If the Council joined the LGFA Scheme as a Guaranteeing Local Authority, it would be able to borrow more than $20million from the LGFA and would be charged a lower interest margin for its borrowing. LGFA currently has 59 member councils and is the largest lender to the local government sector with loans outstanding of approximately $8.5 billion. One of the contributing factors to the success of LGFA in delivering low cost funding to the sector has been its AA+ credit rating. This is the same as the New Zealand Government. Currently, the LGFA estimates it is delivering costs savings to its member councils of $25 million annually. This saving would otherwise need to be funded by higher rates. LGFA would not achieve the AA+ credit rating without the guarantee structure and therefore there would be no savings in borrowing costs to councils.
LGFA GUARANTEE
Currently there are 48 councils (based on the LGFA September update) who have signed the joint and several guarantee. It is important to note that guarantors are guaranteeing LGFA and not individual councils. The guarantee is limited to a council’s rates income as a percentage of the rates income of all the guaranteeing councils. If the Taranaki Regional Council became a guaranteeing council, we estimate that the Taranaki Regional Council’s share of the guarantee would be approximately 0.16%. This means that if a $100 million call was made under the guarantee, Taranaki Regional Council would contribute $160,000. This figure may change over time as the percentage of total rates income changes. When assessing the potential liability, or consequence of a call under the guarantee we need to assess the likelihood of a: 1. council defaulting on its loans; 2. loss on the loans even if a council does default; and 3. call on guarantors. All the above three factors have a very low probability due to the following mitigating factors.

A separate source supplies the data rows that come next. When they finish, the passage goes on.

lemma nonvanishing_path_sign:
  fixes h :: "real \<Rightarrow> real"
  assumes cont: "continuous_on {0..1} h" and nz: "\<And>t. 0 \<le> t \<Longrightarrow> t < 1 \<Longrightarrow> h t \<noteq> 0"
  shows "h 0 * h 1 \<ge> 0"
proof (rule ccontr)
  assume "\<not> h 0 * h 1 \<ge> 0"
  then have "h 1 \<noteq> 0" and "(h 0 < 0 \<and> 0 < h 1) \<or> (h 1 < 0 \<and> 0 < h 0)"
    by (auto simp: mult_less_0_iff not_le)
  moreover from this(2) obtain t where "0 \<le> t" "t \<le> 1" "h t = 0"
    using IVT'[of h 0 0 1, OF _ _ _ cont] IVT2'[of h 1 0 0, OF _ _ _ cont] by force
  ultimately show False using nz[of t] by (cases "t = 1") auto
qed

lemma det_reaction_matrix_reversed_pair:
  fixes \<sigma> :: "'n::finite \<Rightarrow> 'n reaction"
  assumes kl: "k \<noteq> l" and rev: "\<sigma> l = (snd (\<sigma> k), fst (\<sigma> k))"
  shows "det (reaction_matrix \<sigma>) = 0"
proof -
  let ?R = "reaction_matrix \<sigma>"
  have R: "?R = (\<chi> i. if i = l then (-1) *s (?R $ k) else ?R $ i)"
    using rev by (simp add: vec_eq_iff reaction_matrix_def)
  have "det ?R = -1 * det (\<chi> i. if i = l then ?R $ k else ?R $ i)"
    by (subst R) (rule det_row_mul)
  also have "det (\<chi> i. if i = l then ?R $ k else ?R $ i) = 0"
    by (rule det_identical_rows[OF kl]) (simp add: row_def vec_eq_iff)
  finally show ?thesis by simp
qed

lemma low_molecularity_single_row:
  fixes a b :: nat and t w :: real
  assumes "a + b \<le> 2" "0 \<le> t" "t < 1" "w * (real a - t * real b) = 0"
  shows "w * real a = 0"
proof (cases "a = 0")
  case False
  then have "b \<le> 1" using assms(1) by simp
  then have "t * real b \<le> t" using assms(2) by (simp add: mult_left_le)
  then have "real a - t * real b > 0" using False assms(3) by linarith
  then show ?thesis using assms(4) by simp
qed simp

text \<open>Two rows carrying one unit each: after keeping only the entries of w of maximal modulus m,
  the balance w1 (a1 - t b1) + w2 (a2 - t b2) = 0 still holds for the reactant parts.\<close>

lemma low_molecularity_row_pair:
  fixes a1 b1 a2 b2 :: nat and t w1 w2 m :: real
  assumes "a1 + b1 = 1" "a2 + b2 = 1" "\<bar>w1\<bar> \<le> m" "\<bar>w2\<bar> \<le> m" "0 \<le> t" "t < 1"
    and eq: "w1 * (real a1 - t * real b1) + w2 * (real a2 - t * real b2) = 0"
  shows "(if \<bar>w1\<bar> = m then w1 else 0) * real a1 + (if \<bar>w2\<bar> = m then w2 else 0) * real a2 = 0"
proof -
  have scaled_not_max: "w = 0" if "\<bar>w\<bar> = m" "w = t * w'" "\<bar>w'\<bar> \<le> m" for w w'
  proof -
    have "m = t * \<bar>w'\<bar>" using that assms(5) by (simp add: abs_mult)
    also have "\<dots> \<le> t * m" using that(3) assms(5) by (rule mult_left_mono)
    finally have "m \<le> t * m" .
    then have "m \<le> 0" using assms(6) by (auto simp: mult_le_cancel_right1)
    then show ?thesis using that(1) by simp
  qed
  have "(a1 = 1 \<and> b1 = 0) \<or> (a1 = 0 \<and> b1 = 1)" "(a2 = 1 \<and> b2 = 0) \<or> (a2 = 0 \<and> b2 = 1)"
    using assms(1,2) by linarith+
  then show ?thesis
  proof (elim disjE conjE)
    assume "a1 = 1" "b1 = 0" "a2 = 1" "b2 = 0"
    then have "w1 = - w2" using eq by simp
    then show ?thesis using \<open>a1 = 1\<close> \<open>a2 = 1\<close> by auto
  next
    assume "a1 = 1" "b1 = 0" "a2 = 0" "b2 = 1"
    then show ?thesis using eq scaled_not_max[of w1 w2] assms(4) by auto
  next
    assume "a1 = 0" "b1 = 1" "a2 = 1" "b2 = 0"
    then show ?thesis using eq scaled_not_max[of w2 w1] assms(3) by auto
  qed simp
qed

lemma low_molecularity_column:
  fixes a b :: "'k \<Rightarrow> nat" and w :: "'k \<Rightarrow> real"
  assumes fin: "finite N" and units: "(\<Sum>k\<in>N. a k + b k) \<le> 2"
    and bound: "\<forall>k\<in>N. \<bar>w k\<bar> \<le> m" and t: "0 \<le> t" "t < 1"
    and eq: "(\<Sum>k\<in>N. w k * (real (a k) - t * real (b k))) = 0"
  shows "(\<Sum>k\<in>N. (if \<bar>w k\<bar> = m then w k else 0) * real (a k)) = 0"
proof -
  define Z where "Z = {k\<in>N. a k + b k > 0}"
  have ZN: "Z \<subseteq> N" by (auto simp: Z_def)
  have restrict: "(\<Sum>k\<in>N. f k) = (\<Sum>k\<in>Z. f k)" if "\<And>k. k \<in> N - Z \<Longrightarrow> f k = 0"
    for f :: "'k \<Rightarrow> 'a::comm_monoid_add"
    using that by (intro sum.mono_neutral_right[OF fin ZN]) auto
  have unitsZ: "(\<Sum>k\<in>Z. a k + b k) \<le> 2" using units restrict[of "\<lambda>k. a k + b k"] by (simp add: Z_def)
  have eqZ: "(\<Sum>k\<in>Z. w k * (real (a k) - t * real (b k))) = 0"
    using eq restrict[of "\<lambda>k. w k * (real (a k) - t * real (b k))"] by (simp add: Z_def)
  have finZ: "finite Z" using fin ZN finite_subset by blast
  have "card Z = (\<Sum>k\<in>Z. 1::nat)" by simp
  also have "\<dots> \<le> (\<Sum>k\<in>Z. a k + b k)" by (rule sum_mono) (auto simp: Z_def)
  finally have "card Z \<le> 2" using unitsZ by simp
  then have "card Z = 0 \<or> card Z = 1 \<or> card Z = 2" by linarith
  then consider "Z = {}" | p where "Z = {p}" | p q where "Z = {p, q}" "p \<noteq> q"
    using finZ by (auto simp: card_1_singleton_iff card_2_iff)
  then have "(\<Sum>k\<in>Z. (if \<bar>w k\<bar> = m then w k else 0) * real (a k)) = 0"
  proof cases
    case (2 p)
    then have "w p * real (a p) = 0"
      using low_molecularity_single_row[of "a p" "b p" t "w p"] unitsZ eqZ t by simp
    then show ?thesis using 2 by auto
  next
    case (3 p q)
    then have "p \<in> Z" "q \<in> Z" by auto
    then have "a p + b p > 0" "a q + b q > 0" unfolding Z_def by auto
    moreover have "a p + b p + (a q + b q) \<le> 2" using unitsZ 3 by simp
    ultimately have "a p + b p = 1" "a q + b q = 1" by linarith+
    moreover have "\<bar>w p\<bar> \<le> m" "\<bar>w q\<bar> \<le> m" using bound ZN 3 by auto
    moreover have "w p * (real (a p) - t * real (b p)) + w q * (real (a q) - t * real (b q)) = 0"
      using eqZ 3 by simp
    ultimately show ?thesis using low_molecularity_row_pair[OF _ _ _ _ t] 3 by simp
  qed simp
  then show ?thesis using restrict[of "\<lambda>k. (if \<bar>w k\<bar> = m then w k else 0) * real (a k)"]
    by (simp add: Z_def)
qed

text \<open>A left null vector w of Y - tY' would yield a nonzero
  left null vector of Y: its maximal-modulus part, extended across the outflow rows.\<close>

lemma homotopy_nonsingular:
  fixes a b :: "'n::finite \<Rightarrow> 'n \<Rightarrow> nat" and t :: real
  assumes inj: "inj_on sp Out"
    and out_a: "\<forall>k\<in>Out. \<forall>j. a k j = (if j = sp k then 1 else 0)"
    and out_b: "\<forall>k\<in>Out. \<forall>j. b k j = 0"
    and units: "\<forall>j. j \<notin> sp ` Out \<longrightarrow> (\<Sum>k\<in>- Out. a k j + b k j) \<le> 2"
    and detA: "det (\<chi> k j. real (a k j)) \<noteq> 0"
    and t: "0 \<le> t" "t < 1"
  shows "det (\<chi> k j. real (a k j) - t * real (b k j)) \<noteq> 0"
proof
  define A :: "real^'n^'n" where "A = (\<chi> k j. real (a k j))"
  define Q :: "real^'n^'n" where "Q = (\<chi> k j. real (a k j) - t * real (b k j))"
  assume "det (\<chi> k j. real (a k j) - t * real (b k j)) = 0"
  then obtain w where w: "w \<noteq> 0" "w v* Q = 0"
    using det_nz_left_null[of Q] by (auto simp: Q_def)
  have rowsA: "\<forall>k\<in>Out. \<forall>j. A $ k $ j = (if j = sp k then 1 else 0)"
    and rowsQ: "\<forall>k\<in>Out. \<forall>j. Q $ k $ j = (if j = sp k then 1 else 0)"
    using out_a out_b by (simp_all add: A_def Q_def)
  (* w is nonzero on some non-outflow row, so its maximal modulus m there is positive. *)
  have "\<exists>k. k \<notin> Out \<and> w $ k \<noteq> 0"
    using unit_rows_left_null[OF inj rowsQ w(2)] w(1) by blast
  then obtain k0 where k0: "k0 \<notin> Out" "w $ k0 \<noteq> 0" by blast
  define m where "m = Max ((\<lambda>k. \<bar>w $ k\<bar>) ` (- Out))"
  have bound: "\<forall>k\<in>- Out. \<bar>w $ k\<bar> \<le> m" by (simp add: m_def)
  have "m \<in> (\<lambda>k. \<bar>w $ k\<bar>) ` (- Out)" unfolding m_def using k0(1) by (intro Max_in) auto
  then obtain k1 where k1: "k1 \<notin> Out" "\<bar>w $ k1\<bar> = m" by auto
  have "0 < \<bar>w $ k0\<bar>" using k0(2) by simp
  also have "\<dots> \<le> m" using bound k0(1) by simp
  finally have "m > 0" .
  (* The maximal-modulus part g of w is orthogonal to the columns of A not hit by sp. *)
  define g where "g k = (if \<bar>w $ k\<bar> = m then w $ k else 0)" for k
  have "(\<Sum>k\<in>- Out. g k * A $ k $ j) = 0" if j: "j \<notin> sp ` Out" for j
  proof -
    have "0 = (\<Sum>k\<in>UNIV. w $ k * Q $ k $ j)"
      using w(2) by (simp add: vec_eq_iff vector_matrix_mult_def)
    also have "\<dots> = (\<Sum>k\<in>- Out. w $ k * Q $ k $ j)"
      using j rowsQ by (intro sum.mono_neutral_right) auto
    also have "\<dots> = (\<Sum>k\<in>- Out. w $ k * (real (a k j) - t * real (b k j)))"
      by (simp add: Q_def)
    finally have "(\<Sum>k\<in>- Out. w $ k * (real (a k j) - t * real (b k j))) = 0" by simp
    then show ?thesis
      using low_molecularity_column[of "- Out" "\<lambda>k. a k j" "\<lambda>k. b k j" "\<lambda>k. w $ k" m t]
        units j bound t
      by (simp add: g_def A_def)
  qed
  then obtain u where u: "u v* A = 0" "\<forall>k. k \<notin> Out \<longrightarrow> u $ k = g k"
    using unit_rows_extend_left_null[OF inj rowsA] by blast
  have "u $ k1 \<noteq> 0" using u(2) k1 \<open>m > 0\<close> by (auto simp: g_def)
  then show False using u(1) detA det_nz_left_null[of A] by (auto simp: A_def)
qed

LIKELIHOOD OF COUNCIL DEFAULT
Performance of the New Zealand Local Authority Sector: There has never been a default by a New Zealand Council. In addition, there is strong oversight of the sector by the Office of the Auditor General (OAG) and the Department of Internal Affairs (DIA). If the Government has concerns over the performance of a council, there are a number of intervention steps that can be taken including the appointment of a Crown Observer through to the appointment of Commissioners.
LIKELIHOOD OF A LOSS ON THE LOANS IN EVENT OF DEFAULT LGFA
Has a range of financial covenants. LGFA member councils that borrow from LGFA need to comply with these financial covenants on an annual basis. The covenants restrict the amount of money a council can borrow. In its 2017 report on LGFA, Standard & Poor’s state that “LGFA’s loan quality is exceptional; all loans in its portfolio are neither past due nor impaired since LGFA’s inception in 2011. It has sound underwriting processes, which involve periodic compliance to the covenants that it sets”. Further all lending undertaken by LGFA to councils is done with a security charge over the council’s rates. This means that in the event of a default by a council, LGFA can appoint a statutory manager who can impose a special rate that would be able to recover the amount owed to LGFA. This ensures all lending to councils is the first ranking creditor.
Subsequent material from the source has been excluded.